## Your instructions
Beneath this task are records; print exactly the stretch of them from the line with "set) \<Rightarrow> ((nat \<Rightarrow> 'x)" through the line with "(\<forall>j<n. \<forall>y\<in>in_tuples n", both ends included.

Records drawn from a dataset
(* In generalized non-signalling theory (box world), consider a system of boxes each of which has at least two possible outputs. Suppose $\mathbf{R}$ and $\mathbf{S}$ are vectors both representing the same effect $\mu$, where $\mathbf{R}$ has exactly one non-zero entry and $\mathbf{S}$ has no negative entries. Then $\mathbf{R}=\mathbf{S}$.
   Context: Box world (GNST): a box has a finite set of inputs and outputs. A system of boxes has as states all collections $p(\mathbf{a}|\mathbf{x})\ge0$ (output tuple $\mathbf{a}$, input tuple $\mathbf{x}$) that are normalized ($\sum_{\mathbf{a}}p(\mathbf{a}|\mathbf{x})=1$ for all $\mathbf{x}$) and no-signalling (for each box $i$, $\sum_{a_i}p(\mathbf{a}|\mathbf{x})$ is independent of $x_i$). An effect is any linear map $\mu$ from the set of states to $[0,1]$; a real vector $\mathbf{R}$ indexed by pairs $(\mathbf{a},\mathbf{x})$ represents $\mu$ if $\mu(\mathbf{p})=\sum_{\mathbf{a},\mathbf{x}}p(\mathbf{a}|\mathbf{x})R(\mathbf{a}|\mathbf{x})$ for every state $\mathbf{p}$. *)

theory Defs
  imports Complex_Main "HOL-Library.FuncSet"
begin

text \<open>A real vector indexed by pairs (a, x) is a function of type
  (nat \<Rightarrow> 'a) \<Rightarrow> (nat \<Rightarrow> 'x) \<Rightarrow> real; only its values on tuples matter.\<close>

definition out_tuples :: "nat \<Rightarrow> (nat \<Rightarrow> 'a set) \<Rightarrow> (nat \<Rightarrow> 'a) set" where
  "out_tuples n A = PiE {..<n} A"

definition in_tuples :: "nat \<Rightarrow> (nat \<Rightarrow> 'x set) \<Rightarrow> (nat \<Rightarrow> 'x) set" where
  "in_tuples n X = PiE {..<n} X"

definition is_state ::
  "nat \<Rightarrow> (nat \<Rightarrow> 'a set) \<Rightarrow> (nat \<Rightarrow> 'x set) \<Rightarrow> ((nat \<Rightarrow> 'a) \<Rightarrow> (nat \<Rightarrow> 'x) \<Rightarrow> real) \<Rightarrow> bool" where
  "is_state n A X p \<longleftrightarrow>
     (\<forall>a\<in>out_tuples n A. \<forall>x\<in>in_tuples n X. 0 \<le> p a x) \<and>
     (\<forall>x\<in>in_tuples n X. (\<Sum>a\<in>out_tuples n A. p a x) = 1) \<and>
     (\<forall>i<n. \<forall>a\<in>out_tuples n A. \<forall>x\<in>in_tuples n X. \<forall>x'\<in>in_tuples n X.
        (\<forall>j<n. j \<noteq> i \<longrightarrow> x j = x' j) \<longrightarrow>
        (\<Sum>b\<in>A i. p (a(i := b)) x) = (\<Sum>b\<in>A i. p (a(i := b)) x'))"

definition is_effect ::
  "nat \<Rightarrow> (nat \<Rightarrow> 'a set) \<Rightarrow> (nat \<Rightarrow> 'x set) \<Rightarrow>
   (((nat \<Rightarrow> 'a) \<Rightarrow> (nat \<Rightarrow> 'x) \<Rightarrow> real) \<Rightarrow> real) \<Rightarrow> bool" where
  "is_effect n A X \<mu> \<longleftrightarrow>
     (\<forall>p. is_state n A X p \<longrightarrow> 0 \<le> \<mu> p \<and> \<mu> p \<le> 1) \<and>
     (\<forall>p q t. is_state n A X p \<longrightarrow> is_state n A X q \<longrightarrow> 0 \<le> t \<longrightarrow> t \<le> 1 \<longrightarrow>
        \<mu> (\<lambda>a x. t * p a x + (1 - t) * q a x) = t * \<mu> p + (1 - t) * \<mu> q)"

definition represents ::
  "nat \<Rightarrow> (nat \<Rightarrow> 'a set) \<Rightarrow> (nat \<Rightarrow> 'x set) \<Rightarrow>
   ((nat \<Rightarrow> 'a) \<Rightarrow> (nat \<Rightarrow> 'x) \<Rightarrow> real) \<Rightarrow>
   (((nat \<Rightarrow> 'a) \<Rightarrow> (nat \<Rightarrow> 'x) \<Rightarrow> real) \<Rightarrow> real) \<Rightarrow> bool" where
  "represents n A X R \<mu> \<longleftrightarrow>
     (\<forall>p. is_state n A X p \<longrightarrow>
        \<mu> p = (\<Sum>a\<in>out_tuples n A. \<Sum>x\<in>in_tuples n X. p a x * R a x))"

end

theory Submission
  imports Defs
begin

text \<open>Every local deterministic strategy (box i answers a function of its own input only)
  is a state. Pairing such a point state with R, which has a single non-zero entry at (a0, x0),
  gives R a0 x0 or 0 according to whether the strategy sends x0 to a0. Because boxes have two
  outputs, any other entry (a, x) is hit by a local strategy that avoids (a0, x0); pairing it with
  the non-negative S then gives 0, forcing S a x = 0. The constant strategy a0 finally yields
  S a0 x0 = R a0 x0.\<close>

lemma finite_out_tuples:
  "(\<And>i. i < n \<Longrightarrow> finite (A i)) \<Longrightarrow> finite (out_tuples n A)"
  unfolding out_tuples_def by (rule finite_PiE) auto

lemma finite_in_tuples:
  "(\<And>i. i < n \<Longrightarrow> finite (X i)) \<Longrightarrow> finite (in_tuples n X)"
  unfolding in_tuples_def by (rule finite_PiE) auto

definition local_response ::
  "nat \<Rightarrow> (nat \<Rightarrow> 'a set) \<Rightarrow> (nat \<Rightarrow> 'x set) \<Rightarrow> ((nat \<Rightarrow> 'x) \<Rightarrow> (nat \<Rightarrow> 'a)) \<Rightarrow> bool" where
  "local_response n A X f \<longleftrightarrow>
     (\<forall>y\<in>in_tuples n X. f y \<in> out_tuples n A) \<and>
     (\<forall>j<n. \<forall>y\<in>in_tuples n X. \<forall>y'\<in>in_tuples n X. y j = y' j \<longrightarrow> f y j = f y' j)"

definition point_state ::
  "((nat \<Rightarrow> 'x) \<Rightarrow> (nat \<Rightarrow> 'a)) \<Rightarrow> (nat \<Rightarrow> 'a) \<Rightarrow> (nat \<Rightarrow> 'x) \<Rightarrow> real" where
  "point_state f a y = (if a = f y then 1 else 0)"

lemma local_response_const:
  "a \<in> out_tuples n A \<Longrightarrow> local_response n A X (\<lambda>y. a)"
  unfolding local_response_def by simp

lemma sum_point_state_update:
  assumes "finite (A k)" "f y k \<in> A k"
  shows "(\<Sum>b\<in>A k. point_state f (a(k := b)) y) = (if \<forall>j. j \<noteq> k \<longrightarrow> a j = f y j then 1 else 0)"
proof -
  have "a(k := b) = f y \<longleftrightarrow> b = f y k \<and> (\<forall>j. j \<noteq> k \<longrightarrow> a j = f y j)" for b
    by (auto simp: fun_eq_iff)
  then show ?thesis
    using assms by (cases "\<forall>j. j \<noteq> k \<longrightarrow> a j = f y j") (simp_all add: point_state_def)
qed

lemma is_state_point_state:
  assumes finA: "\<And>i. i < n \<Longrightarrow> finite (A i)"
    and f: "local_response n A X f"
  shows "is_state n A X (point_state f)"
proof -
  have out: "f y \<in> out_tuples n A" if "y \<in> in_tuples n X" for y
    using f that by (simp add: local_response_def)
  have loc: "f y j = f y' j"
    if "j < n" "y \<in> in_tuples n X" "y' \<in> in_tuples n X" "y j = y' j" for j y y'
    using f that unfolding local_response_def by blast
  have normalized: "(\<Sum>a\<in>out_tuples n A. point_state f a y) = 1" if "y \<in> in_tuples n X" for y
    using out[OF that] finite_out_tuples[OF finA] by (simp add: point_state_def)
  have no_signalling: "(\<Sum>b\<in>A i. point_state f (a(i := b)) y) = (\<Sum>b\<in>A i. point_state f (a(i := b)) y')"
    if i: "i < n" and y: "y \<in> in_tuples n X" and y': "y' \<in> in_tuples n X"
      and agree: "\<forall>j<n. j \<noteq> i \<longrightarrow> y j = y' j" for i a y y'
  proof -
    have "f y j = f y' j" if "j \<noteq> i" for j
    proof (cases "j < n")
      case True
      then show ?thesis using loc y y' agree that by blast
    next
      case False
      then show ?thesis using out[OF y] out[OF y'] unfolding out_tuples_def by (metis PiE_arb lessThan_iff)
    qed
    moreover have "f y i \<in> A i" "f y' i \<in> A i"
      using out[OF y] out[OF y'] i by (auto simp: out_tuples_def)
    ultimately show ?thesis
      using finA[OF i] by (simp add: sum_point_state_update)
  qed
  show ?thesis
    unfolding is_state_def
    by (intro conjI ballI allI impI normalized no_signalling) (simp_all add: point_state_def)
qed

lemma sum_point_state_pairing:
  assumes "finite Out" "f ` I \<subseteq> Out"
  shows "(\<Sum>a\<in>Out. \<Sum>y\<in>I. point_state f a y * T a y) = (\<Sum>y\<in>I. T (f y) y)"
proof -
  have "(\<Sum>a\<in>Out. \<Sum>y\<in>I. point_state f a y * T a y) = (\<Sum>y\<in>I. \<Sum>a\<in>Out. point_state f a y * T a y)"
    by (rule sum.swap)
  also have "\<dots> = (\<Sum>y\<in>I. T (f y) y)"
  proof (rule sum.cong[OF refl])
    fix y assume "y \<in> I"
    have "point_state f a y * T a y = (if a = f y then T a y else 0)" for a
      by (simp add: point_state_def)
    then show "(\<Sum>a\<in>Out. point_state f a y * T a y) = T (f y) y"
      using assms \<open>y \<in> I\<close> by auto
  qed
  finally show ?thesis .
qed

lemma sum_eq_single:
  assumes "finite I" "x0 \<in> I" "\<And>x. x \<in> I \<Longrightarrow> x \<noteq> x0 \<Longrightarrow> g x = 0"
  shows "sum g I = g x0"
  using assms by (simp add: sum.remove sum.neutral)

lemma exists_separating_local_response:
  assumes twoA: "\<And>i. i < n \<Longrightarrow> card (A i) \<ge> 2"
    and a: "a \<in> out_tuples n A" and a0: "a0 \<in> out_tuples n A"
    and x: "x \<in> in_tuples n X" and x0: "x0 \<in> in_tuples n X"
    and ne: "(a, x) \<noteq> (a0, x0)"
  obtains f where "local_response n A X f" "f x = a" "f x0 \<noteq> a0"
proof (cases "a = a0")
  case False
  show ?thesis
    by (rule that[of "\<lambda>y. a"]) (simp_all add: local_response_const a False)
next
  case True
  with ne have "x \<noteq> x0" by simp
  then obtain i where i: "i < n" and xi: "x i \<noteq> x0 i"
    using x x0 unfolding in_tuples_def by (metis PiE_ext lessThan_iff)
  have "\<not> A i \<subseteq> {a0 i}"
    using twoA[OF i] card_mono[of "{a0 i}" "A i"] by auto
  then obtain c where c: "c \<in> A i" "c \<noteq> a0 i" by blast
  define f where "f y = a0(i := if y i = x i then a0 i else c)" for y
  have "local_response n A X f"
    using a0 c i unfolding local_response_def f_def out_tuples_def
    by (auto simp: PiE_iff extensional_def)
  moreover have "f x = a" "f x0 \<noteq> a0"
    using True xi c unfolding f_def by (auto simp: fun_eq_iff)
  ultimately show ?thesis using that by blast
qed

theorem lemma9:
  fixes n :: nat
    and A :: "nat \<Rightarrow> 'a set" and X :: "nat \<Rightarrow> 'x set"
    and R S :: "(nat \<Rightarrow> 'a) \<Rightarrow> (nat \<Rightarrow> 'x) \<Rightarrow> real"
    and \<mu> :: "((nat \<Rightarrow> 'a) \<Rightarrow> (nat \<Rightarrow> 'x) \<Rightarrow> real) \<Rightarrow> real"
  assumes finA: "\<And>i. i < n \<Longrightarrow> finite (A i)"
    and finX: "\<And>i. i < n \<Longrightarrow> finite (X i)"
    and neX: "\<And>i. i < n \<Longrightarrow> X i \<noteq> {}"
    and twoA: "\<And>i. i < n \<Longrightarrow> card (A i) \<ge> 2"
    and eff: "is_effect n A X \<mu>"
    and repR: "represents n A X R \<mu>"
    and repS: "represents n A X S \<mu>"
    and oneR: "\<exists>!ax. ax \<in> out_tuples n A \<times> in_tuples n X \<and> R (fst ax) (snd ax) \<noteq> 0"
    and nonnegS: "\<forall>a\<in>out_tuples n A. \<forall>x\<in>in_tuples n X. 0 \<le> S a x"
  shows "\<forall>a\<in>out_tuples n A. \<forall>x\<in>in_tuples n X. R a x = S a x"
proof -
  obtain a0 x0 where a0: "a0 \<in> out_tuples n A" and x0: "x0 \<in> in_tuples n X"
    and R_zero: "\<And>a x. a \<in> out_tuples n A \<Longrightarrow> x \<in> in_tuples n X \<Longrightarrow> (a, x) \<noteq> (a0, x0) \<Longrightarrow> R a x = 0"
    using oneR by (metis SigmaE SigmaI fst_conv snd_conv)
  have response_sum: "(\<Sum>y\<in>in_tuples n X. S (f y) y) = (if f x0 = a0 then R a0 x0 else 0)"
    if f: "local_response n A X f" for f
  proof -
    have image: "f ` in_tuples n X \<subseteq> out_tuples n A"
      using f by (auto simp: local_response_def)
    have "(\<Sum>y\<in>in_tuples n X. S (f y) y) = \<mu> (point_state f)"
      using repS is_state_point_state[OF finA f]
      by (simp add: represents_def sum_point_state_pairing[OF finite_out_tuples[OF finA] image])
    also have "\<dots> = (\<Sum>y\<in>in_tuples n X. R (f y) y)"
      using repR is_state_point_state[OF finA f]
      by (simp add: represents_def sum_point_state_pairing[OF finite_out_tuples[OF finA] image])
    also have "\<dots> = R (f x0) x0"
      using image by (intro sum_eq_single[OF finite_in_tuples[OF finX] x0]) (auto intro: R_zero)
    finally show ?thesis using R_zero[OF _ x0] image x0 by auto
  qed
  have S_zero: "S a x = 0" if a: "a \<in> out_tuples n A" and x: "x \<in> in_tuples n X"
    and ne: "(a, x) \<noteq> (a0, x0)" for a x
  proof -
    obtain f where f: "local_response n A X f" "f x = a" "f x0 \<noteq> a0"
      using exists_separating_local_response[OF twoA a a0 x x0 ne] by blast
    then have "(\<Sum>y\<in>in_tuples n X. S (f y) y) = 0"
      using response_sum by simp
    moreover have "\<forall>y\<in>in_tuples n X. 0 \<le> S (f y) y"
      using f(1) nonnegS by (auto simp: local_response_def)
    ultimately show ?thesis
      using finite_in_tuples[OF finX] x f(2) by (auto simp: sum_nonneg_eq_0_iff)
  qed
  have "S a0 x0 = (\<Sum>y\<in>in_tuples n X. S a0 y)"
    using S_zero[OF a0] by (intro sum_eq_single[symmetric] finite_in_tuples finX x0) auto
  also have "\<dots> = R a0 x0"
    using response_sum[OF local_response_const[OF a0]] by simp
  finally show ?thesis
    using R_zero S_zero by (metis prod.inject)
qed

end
--
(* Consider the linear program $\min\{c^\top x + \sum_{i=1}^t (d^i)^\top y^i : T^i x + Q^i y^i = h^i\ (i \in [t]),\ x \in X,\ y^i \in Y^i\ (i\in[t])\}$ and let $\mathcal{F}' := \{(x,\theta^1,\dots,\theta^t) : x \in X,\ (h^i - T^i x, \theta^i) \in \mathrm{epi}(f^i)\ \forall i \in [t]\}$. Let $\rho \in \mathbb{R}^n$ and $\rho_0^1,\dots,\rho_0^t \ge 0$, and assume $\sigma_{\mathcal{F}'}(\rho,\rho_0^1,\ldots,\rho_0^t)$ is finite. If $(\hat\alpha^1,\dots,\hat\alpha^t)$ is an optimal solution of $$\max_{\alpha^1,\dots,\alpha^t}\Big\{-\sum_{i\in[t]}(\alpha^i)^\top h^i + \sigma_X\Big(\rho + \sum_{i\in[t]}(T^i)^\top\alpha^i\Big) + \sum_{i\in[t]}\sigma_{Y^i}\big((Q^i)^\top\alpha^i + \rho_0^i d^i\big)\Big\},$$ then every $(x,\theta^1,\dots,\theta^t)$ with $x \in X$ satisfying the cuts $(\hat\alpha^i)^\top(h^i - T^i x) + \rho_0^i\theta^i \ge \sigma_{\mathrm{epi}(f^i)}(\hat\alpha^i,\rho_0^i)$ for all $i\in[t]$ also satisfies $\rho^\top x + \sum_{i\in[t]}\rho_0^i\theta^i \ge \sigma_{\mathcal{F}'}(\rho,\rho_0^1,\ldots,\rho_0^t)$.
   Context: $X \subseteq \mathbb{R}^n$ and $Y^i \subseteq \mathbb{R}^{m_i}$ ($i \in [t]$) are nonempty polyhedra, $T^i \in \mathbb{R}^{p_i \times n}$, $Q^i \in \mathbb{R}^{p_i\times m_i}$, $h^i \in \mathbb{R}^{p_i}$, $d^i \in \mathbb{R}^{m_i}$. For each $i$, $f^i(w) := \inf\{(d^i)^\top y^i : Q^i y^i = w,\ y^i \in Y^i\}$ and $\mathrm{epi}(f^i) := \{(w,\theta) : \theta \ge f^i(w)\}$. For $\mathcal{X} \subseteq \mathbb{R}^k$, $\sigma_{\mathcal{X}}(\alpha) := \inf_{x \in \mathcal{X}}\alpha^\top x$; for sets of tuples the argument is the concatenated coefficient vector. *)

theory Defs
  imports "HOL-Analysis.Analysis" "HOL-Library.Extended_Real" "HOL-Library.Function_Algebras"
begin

## Solution below
  "nat \<Rightarrow> (nat \<Rightarrow> 'a set) \<Rightarrow> (nat \<Rightarrow> 'x set) \<Rightarrow> ((nat \<Rightarrow> 'x) \<Rightarrow> (nat \<Rightarrow> 'a)) \<Rightarrow> bool" where
  "local_response n A X f \<longleftrightarrow>
     (\<forall>y\<in>in_tuples n X. f y \<in> out_tuples n A) \<and>
     (\<forall>j<n. \<forall>y\<in>in_tuples n X. \<forall>y'\<in>in_tuples n X. y j = y' j \<longrightarrow> f y j = f y' j)"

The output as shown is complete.